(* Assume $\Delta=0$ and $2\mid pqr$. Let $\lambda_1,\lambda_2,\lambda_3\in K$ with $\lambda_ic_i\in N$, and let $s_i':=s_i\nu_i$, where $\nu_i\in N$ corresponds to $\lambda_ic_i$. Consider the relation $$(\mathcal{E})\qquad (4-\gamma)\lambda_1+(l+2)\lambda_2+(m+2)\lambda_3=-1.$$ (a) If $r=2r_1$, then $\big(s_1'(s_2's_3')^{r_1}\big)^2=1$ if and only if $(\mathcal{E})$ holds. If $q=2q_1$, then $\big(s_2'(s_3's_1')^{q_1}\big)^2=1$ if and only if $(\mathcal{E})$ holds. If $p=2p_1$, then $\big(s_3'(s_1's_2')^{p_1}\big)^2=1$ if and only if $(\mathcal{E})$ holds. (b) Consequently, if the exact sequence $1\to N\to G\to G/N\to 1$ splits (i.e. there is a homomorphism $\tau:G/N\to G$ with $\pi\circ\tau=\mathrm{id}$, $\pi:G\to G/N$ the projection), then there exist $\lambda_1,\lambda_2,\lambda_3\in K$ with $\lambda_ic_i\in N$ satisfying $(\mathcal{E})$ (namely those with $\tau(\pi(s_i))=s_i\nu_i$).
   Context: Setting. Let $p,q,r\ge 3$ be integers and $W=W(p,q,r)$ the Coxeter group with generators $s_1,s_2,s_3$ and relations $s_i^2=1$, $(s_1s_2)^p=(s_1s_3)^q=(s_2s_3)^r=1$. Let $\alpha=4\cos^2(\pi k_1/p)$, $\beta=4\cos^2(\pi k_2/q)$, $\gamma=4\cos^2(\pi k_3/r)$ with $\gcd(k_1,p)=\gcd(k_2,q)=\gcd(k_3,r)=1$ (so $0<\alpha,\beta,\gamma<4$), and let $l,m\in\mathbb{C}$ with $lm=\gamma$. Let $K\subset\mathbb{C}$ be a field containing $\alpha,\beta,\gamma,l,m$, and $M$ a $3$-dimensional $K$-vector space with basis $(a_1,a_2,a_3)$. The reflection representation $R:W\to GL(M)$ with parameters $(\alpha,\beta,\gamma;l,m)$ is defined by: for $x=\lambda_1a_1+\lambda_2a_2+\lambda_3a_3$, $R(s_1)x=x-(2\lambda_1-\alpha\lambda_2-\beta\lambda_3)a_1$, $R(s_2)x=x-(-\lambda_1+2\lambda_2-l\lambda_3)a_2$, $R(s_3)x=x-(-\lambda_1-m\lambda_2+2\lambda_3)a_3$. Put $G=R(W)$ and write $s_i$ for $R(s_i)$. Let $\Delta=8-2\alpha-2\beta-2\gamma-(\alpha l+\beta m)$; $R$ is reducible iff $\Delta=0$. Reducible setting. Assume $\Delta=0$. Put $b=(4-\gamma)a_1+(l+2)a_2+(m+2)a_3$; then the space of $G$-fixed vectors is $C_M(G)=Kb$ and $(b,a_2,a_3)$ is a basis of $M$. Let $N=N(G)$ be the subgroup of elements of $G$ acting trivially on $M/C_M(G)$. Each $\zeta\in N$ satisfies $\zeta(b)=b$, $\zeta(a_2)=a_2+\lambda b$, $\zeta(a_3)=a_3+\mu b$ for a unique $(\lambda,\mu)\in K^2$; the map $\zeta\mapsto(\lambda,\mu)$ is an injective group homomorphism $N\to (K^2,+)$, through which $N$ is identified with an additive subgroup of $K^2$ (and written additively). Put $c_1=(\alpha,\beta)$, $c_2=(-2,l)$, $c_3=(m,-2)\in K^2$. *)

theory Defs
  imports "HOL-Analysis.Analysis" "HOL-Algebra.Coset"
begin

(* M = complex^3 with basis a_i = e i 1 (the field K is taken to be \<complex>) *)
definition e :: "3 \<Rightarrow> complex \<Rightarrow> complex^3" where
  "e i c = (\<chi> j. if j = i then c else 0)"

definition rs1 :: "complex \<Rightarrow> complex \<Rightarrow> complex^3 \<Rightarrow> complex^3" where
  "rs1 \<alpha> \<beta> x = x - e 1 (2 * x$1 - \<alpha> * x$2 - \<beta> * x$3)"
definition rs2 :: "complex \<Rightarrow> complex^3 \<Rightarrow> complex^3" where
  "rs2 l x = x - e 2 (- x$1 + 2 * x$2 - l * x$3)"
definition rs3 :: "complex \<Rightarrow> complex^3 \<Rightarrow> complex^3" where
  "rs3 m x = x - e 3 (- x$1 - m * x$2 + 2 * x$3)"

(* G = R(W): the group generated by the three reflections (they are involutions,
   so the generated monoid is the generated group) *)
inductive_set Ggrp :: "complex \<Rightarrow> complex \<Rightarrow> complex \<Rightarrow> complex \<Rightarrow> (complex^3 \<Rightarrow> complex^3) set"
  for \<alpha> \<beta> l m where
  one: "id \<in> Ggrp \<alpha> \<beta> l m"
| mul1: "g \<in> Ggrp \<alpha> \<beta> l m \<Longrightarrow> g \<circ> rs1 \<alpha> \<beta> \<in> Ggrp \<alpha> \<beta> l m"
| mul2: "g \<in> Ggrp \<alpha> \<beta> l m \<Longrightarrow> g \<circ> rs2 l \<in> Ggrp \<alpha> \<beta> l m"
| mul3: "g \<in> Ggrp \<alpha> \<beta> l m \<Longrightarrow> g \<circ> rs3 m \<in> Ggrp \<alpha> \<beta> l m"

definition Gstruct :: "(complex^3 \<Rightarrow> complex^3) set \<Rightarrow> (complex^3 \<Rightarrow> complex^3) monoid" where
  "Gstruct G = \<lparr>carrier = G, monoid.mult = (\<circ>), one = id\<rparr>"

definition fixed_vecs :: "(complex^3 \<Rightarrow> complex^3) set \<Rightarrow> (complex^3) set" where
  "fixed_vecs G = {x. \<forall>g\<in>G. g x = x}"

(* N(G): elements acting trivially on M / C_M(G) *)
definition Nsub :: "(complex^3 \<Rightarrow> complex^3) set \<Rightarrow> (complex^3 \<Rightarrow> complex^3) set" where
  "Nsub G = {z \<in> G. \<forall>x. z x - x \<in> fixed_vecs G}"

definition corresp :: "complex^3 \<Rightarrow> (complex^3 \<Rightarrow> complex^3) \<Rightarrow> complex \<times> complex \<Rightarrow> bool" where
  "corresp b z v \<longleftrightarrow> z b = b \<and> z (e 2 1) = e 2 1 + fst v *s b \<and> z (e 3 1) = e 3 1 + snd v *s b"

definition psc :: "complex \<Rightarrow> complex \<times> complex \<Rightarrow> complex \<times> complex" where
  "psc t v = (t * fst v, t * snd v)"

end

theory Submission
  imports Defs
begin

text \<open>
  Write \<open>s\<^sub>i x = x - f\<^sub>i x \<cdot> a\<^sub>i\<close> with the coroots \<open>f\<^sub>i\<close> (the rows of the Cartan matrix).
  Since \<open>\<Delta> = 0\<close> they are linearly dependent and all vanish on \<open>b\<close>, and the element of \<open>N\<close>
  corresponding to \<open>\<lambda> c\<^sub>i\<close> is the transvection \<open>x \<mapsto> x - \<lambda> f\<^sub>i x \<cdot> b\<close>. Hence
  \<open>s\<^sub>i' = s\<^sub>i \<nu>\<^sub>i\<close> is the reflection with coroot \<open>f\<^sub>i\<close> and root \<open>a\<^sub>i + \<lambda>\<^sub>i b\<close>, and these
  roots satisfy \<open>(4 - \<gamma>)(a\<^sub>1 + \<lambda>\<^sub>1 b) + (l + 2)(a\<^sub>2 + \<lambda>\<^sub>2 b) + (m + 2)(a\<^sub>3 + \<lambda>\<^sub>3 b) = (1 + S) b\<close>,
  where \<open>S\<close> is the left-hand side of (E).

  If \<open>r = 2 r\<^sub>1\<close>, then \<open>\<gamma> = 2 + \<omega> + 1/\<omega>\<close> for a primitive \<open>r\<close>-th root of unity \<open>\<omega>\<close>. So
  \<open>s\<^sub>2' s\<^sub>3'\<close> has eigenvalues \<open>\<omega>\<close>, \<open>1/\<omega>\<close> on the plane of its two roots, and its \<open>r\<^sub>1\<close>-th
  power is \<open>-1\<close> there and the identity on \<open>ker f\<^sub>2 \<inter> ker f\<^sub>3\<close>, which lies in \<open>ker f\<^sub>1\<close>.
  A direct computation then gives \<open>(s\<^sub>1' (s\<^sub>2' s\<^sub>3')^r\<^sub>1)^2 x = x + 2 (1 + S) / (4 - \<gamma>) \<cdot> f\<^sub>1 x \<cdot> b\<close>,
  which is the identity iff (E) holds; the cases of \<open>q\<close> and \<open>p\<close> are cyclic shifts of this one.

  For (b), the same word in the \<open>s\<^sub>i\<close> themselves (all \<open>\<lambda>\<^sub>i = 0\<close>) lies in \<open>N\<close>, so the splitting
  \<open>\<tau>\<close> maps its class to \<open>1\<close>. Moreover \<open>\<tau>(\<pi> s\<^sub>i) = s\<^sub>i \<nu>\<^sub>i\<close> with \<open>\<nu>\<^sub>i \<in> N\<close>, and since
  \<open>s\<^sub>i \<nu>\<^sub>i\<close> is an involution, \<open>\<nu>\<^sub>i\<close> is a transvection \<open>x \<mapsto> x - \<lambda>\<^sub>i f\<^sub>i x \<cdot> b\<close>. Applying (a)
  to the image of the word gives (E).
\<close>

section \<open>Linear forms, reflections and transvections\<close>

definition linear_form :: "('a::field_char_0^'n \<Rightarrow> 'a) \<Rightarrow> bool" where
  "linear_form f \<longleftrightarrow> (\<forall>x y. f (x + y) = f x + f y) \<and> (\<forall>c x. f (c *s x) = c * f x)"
□ □ □ □ □
== What the task requires ==
All lines from the one containing "which is the" to the end of the data above are to be set down exactly; no others belong in the answer.

== Answer box ==
  which is the identity iff (E) holds; the cases of \<open>q\<close> and \<open>p\<close> are cyclic shifts of this one.

  For (b), the same word in the \<open>s\<^sub>i\<close> themselves (all \<open>\<lambda>\<^sub>i = 0\<close>) lies in \<open>N\<close>, so the splitting
  \<open>\<tau>\<close> maps its class to \<open>1\<close>. Moreover \<open>\<tau>(\<pi> s\<^sub>i) = s\<^sub>i \<nu>\<^sub>i\<close> with \<open>\<nu>\<^sub>i \<in> N\<close>, and since
  \<open>s\<^sub>i \<nu>\<^sub>i\<close> is an involution, \<open>\<nu>\<^sub>i\<close> is a transvection \<open>x \<mapsto> x - \<lambda>\<^sub>i f\<^sub>i x \<cdot> b\<close>. Applying (a)
  to the image of the word gives (E).
\<close>

section \<open>Linear forms, reflections and transvections\<close>

definition linear_form :: "('a::field_char_0^'n \<Rightarrow> 'a) \<Rightarrow> bool" where
  "linear_form f \<longleftrightarrow> (\<forall>x y. f (x + y) = f x + f y) \<and> (\<forall>c x. f (c *s x) = c * f x)"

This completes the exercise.